Mammalian ancestors moved in their own unique way

Photograph of a skeleton of the early non-mammal synapsid (ancient mammal family member) Edaphosaurus displayed in the Field Museum of Natural History. Credit: Ken Angielczyk

The backbone is the Swiss Army knife of mammalian movement. It can function in all sorts of ways with which living mammals have remarkable diversity in their movements. They can run, swim, climb and fly, in part due to the extensive reorganization of their spine, which took place during about 320 million years of evolution.

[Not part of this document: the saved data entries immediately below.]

(* Let $(X,d)$ be an Alexandrov space with curvature bounded below by some $K\in\mathbb{R}$, and let $x_1,x_2,y_1,y_2\in X$ satisfy $$d(x_1,y_1)^2+d(x_2,y_2)^2\le d(x_1,y_2)^2+d(x_2,y_1)^2.$$ Let $\gamma_1,\gamma_2:[0,1]\to X$ be constant-speed minimizing geodesics from $x_1$ to $y_1$ and from $x_2$ to $y_2$, respectively. If $\gamma_1(t_0)=\gamma_2(t_0)$ for some $t_0\in(0,1)$, then $\gamma_1(t)=\gamma_2(t)$ for all $t\in[0,1]$.
   Context: An Alexandrov space with curvature $\geq K$ is a finite-dimensional, complete, locally compact, connected length space in which for every quadruple $(p;a,b,c)$ one has $\tilde\angle_K apb+\tilde\angle_K bpc+\tilde\angle_K cpa\le 2\pi$, where $\tilde\angle_K apb$ denotes the angle at $\bar p$ of the comparison triangle with the same side lengths in the model plane of constant curvature $K$. *)

theory Defs
  imports "HOL-Analysis.Analysis"
begin

(* Comparison angle at the vertex opposite to side c, for a triangle with sides
   a, b (adjacent to the vertex) and c (opposite), in the model plane of curvature K
   (law of cosines). *)
definition cmp_angle :: "real \<Rightarrow> real \<Rightarrow> real \<Rightarrow> real \<Rightarrow> real" where
  "cmp_angle K a b c =
     (if K = 0 then arccos ((a^2 + b^2 - c^2) / (2 * a * b))
      else if K > 0 then
        arccos ((cos (sqrt K * c) - cos (sqrt K * a) * cos (sqrt K * b))
                / (sin (sqrt K * a) * sin (sqrt K * b)))
      else
        arccos ((cosh (sqrt (-K) * a) * cosh (sqrt (-K) * b) - cosh (sqrt (-K) * c))
                / (sinh (sqrt (-K) * a) * sinh (sqrt (-K) * b))))"

definition cmp_defined :: "real \<Rightarrow> real \<Rightarrow> real \<Rightarrow> real \<Rightarrow> bool" where
  "cmp_defined K a b c \<longleftrightarrow> a > 0 \<and> b > 0 \<and> (K > 0 \<longrightarrow> a + b + c < 2 * pi / sqrt K)"

definition cangle :: "real \<Rightarrow> 'a::metric_space \<Rightarrow> 'a \<Rightarrow> 'a \<Rightarrow> real" where
  "cangle K a p b = cmp_angle K (dist p a) (dist p b) (dist a b)"

definition cangle_defined :: "real \<Rightarrow> 'a::metric_space \<Rightarrow> 'a \<Rightarrow> 'a \<Rightarrow> bool" where
  "cangle_defined K a p b = cmp_defined K (dist p a) (dist p b) (dist a b)"

definition quadruple_condition :: "real \<Rightarrow> 'a::metric_space set \<Rightarrow> bool" where
  "quadruple_condition K S \<longleftrightarrow>
     (\<forall>p\<in>S. \<forall>a\<in>S. \<forall>b\<in>S. \<forall>c\<in>S.
        cangle_defined K a p b \<and> cangle_defined K b p c \<and> cangle_defined K c p a \<longrightarrow>
        cangle K a p b + cangle K b p c + cangle K c p a \<le> 2 * pi)"

definition curve_length_le :: "(real \<Rightarrow> 'a::metric_space) \<Rightarrow> real \<Rightarrow> bool" where
  "curve_length_le \<gamma> L \<longleftrightarrow>
     (\<forall>n (t::nat \<Rightarrow> real). t 0 = 0 \<and> t n = 1 \<and> (\<forall>i<n. t i \<le> t (Suc i)) \<longrightarrow>
        (\<Sum>i<n. dist (\<gamma> (t i)) (\<gamma> (t (Suc i)))) \<le> L)"

definition length_space :: "'a::metric_space set \<Rightarrow> bool" where
  "length_space S \<longleftrightarrow>
     (\<forall>x\<in>S. \<forall>y\<in>S. \<forall>\<epsilon>>0. \<exists>\<gamma>. continuous_on {0..1} \<gamma> \<and> \<gamma> ` {0..1} \<subseteq> S \<and>
        \<gamma> 0 = x \<and> \<gamma> 1 = y \<and> curve_length_le \<gamma> (dist x y + \<epsilon>))"

definition hausdorff_pre :: "real \<Rightarrow> real \<Rightarrow> 'a::metric_space set \<Rightarrow> ennreal" where
  "hausdorff_pre s \<delta> A = Inf {(\<Sum>i. ennreal (diameter (U i) powr s)) | U.
       A \<subseteq> (\<Union>i. U i) \<and> (\<forall>i::nat. bounded (U i) \<and> diameter (U i) \<le> \<delta>)}"

definition hausdorff_measure :: "real \<Rightarrow> 'a::metric_space set \<Rightarrow> ennreal" where
  "hausdorff_measure s A = (SUP \<delta>\<in>{0<..}. hausdorff_pre s \<delta> A)"

definition finite_dimensional :: "'a::metric_space set \<Rightarrow> bool" where
  "finite_dimensional S \<longleftrightarrow> (\<exists>s>0. hausdorff_measure s S = 0)"

definition alexandrov_space :: "real \<Rightarrow> 'a::metric_space set \<Rightarrow> bool" where
  "alexandrov_space K S \<longleftrightarrow> S \<noteq> {} \<and> finite_dimensional S \<and> complete S \<and> locally compact S \<and>
     connected S \<and> length_space S \<and> quadruple_condition K S"

definition cs_geodesic :: "'a::metric_space set \<Rightarrow> (real \<Rightarrow> 'a) \<Rightarrow> 'a \<Rightarrow> 'a \<Rightarrow> bool" where
  "cs_geodesic S \<gamma> x y \<longleftrightarrow> \<gamma> ` {0..1} \<subseteq> S \<and> \<gamma> 0 = x \<and> \<gamma> 1 = y \<and>
     (\<forall>s\<in>{0..1}. \<forall>t\<in>{0..1}. dist (\<gamma> s) (\<gamma> t) = \<bar>s - t\<bar> * dist x y)"

end

theory Submission imports Defs begin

If you open any anatomy manual, you will find the long-held hypothesis that the evolution of the mammal’s spine, which is unique to sagittal (up and down) movements, evolved from a spine that was similar to that of living reptiles, which move laterally (from side to side). This so-called “lateral-to-sagittal” transition was based entirely on superficial similarities between non-mammalian synapsids, the extinct mammalian precursors, and contemporary lizards.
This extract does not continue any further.